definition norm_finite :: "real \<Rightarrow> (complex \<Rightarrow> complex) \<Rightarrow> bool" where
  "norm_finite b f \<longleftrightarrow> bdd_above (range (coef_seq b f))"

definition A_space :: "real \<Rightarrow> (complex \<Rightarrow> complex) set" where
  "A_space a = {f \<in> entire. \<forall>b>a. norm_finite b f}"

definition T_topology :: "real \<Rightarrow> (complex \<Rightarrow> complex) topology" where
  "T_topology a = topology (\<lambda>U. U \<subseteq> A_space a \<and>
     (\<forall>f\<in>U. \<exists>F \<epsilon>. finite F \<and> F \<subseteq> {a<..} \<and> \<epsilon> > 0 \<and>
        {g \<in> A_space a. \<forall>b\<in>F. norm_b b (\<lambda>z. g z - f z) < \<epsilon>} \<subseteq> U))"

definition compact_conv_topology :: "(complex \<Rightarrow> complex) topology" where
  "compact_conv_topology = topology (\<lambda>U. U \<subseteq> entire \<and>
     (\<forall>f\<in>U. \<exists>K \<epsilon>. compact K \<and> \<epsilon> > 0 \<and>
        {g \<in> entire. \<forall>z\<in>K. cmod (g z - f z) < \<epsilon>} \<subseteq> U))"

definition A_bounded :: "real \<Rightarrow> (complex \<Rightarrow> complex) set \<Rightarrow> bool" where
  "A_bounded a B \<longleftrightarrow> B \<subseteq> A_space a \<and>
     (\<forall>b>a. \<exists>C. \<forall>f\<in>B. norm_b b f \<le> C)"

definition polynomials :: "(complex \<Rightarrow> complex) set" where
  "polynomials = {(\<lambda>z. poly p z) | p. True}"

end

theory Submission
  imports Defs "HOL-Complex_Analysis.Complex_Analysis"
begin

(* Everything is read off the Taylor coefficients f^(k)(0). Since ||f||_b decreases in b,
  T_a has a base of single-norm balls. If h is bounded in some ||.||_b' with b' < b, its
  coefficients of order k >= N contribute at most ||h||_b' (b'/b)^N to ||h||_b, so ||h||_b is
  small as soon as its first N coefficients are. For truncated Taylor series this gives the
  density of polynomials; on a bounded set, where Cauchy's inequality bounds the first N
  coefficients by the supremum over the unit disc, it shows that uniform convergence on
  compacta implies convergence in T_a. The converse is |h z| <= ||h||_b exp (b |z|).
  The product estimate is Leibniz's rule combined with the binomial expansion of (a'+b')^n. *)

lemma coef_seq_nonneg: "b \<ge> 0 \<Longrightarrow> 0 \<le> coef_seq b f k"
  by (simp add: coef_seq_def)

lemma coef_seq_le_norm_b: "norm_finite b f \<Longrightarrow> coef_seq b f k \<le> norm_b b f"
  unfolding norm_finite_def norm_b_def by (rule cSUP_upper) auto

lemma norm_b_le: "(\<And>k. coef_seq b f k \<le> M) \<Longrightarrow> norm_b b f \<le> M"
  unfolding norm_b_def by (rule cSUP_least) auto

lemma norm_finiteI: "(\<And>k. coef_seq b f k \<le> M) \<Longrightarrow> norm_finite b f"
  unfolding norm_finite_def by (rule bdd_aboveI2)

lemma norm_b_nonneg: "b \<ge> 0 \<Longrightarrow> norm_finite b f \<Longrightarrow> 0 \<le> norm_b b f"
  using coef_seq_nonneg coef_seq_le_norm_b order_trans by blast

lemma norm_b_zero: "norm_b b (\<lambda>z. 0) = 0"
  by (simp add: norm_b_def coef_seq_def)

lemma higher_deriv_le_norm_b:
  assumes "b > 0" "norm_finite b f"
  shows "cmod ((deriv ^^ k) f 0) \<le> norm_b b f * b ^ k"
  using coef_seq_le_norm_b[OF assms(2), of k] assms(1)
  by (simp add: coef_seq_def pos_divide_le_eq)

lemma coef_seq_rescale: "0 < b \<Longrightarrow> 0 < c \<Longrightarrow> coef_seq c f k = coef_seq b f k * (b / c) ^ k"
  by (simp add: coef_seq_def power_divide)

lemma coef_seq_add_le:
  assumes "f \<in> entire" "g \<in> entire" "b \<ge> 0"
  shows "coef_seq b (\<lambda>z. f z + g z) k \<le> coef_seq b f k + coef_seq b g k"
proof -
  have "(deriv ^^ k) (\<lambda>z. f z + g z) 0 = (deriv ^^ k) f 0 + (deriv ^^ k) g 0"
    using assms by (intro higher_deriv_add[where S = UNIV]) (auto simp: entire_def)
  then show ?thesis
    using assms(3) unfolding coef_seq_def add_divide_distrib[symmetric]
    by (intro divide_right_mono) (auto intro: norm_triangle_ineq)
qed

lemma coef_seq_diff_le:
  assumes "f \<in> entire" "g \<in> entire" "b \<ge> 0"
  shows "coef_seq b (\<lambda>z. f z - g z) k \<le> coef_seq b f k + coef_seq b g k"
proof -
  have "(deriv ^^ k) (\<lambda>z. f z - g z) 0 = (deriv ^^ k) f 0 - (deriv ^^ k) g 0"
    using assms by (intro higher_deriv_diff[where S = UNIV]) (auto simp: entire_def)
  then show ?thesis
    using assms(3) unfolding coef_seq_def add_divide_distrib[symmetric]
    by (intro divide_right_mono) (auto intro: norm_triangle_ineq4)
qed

______

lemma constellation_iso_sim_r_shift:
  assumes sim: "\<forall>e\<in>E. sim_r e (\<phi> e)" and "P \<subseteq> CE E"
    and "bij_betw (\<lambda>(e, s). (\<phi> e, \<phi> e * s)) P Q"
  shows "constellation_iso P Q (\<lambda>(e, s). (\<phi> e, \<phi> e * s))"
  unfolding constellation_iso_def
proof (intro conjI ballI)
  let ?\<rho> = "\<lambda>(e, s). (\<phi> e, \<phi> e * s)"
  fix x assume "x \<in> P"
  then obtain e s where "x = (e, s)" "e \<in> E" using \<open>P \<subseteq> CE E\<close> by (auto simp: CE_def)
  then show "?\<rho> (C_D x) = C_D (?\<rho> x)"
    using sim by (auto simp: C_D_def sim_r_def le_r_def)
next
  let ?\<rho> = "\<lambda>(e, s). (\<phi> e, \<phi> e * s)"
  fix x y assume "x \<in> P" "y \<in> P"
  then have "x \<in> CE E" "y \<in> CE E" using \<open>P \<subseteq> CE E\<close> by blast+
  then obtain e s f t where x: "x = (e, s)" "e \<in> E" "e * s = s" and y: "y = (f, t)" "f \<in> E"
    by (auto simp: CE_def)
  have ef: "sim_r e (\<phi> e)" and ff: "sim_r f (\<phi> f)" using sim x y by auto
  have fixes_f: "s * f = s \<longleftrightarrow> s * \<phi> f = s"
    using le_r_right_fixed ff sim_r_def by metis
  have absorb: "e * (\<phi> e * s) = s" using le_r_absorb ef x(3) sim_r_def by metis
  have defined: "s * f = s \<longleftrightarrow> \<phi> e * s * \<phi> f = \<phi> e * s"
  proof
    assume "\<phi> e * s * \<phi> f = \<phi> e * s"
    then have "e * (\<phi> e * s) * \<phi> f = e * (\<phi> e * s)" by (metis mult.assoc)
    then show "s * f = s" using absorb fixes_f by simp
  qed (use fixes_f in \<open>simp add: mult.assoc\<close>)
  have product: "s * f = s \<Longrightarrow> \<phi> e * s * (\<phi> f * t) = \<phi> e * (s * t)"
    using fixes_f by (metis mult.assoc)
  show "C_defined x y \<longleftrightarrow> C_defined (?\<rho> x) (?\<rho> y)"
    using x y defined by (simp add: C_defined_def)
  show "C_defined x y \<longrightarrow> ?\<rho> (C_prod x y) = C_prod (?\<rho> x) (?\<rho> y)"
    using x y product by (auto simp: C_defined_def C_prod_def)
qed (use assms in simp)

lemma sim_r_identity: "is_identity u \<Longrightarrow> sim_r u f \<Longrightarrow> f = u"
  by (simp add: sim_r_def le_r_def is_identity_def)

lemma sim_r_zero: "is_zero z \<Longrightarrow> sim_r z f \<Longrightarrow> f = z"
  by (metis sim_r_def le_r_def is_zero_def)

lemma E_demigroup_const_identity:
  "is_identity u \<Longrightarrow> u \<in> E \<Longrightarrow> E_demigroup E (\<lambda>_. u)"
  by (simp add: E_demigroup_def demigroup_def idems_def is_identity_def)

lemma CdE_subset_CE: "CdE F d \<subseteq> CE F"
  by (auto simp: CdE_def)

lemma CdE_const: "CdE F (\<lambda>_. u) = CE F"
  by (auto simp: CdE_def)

______

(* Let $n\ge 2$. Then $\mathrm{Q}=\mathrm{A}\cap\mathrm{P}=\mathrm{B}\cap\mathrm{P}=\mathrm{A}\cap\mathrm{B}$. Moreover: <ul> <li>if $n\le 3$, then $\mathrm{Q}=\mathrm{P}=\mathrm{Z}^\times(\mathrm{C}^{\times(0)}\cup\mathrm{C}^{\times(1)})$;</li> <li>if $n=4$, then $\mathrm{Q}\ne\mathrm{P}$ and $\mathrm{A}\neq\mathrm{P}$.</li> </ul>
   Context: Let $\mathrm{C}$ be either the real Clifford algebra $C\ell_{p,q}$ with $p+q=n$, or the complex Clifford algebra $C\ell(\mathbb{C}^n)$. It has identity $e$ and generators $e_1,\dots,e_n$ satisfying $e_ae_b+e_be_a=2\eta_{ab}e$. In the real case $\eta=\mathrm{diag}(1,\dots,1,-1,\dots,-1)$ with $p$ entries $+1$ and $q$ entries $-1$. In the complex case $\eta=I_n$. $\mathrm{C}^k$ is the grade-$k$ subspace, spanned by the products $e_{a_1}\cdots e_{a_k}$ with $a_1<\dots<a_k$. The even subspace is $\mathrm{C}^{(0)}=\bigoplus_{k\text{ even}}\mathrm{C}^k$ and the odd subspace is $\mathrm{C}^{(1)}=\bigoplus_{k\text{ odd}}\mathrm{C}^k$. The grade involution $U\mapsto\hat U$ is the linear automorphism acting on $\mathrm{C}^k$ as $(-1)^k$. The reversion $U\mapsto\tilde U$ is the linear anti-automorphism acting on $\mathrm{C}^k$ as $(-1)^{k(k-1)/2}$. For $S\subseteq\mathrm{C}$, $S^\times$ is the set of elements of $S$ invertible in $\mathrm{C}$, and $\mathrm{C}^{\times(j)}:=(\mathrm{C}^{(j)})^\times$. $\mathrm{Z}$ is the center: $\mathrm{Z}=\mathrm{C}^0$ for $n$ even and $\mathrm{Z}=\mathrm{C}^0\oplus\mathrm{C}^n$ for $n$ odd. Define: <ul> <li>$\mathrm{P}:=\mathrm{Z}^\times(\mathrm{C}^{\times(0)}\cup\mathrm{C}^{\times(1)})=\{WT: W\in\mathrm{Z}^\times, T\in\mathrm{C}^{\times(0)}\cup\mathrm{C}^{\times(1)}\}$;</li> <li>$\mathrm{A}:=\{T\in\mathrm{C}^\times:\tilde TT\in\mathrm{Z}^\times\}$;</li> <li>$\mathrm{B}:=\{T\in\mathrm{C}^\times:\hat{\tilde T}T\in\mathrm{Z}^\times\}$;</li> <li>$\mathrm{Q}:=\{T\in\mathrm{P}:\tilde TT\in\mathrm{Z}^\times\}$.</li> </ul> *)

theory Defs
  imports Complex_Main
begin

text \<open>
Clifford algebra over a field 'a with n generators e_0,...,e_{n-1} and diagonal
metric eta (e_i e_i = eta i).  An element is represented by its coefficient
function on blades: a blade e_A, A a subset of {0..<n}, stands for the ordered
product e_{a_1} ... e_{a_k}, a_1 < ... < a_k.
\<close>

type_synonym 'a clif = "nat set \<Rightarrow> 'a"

______

- **What you should do**
Write out exactly the lines above between the line with "x y \<longrightarrow>" and the line with "z \<Longrightarrow> sim_r", inclusive, and nothing beyond them.

- **Response to the exercise**
  show "C_defined x y \<longrightarrow> ?\<rho> (C_prod x y) = C_prod (?\<rho> x) (?\<rho> y)"
    using x y product by (auto simp: C_defined_def C_prod_def)
qed (use assms in simp)

lemma sim_r_identity: "is_identity u \<Longrightarrow> sim_r u f \<Longrightarrow> f = u"
  by (simp add: sim_r_def le_r_def is_identity_def)

lemma sim_r_zero: "is_zero z \<Longrightarrow> sim_r z f \<Longrightarrow> f = z"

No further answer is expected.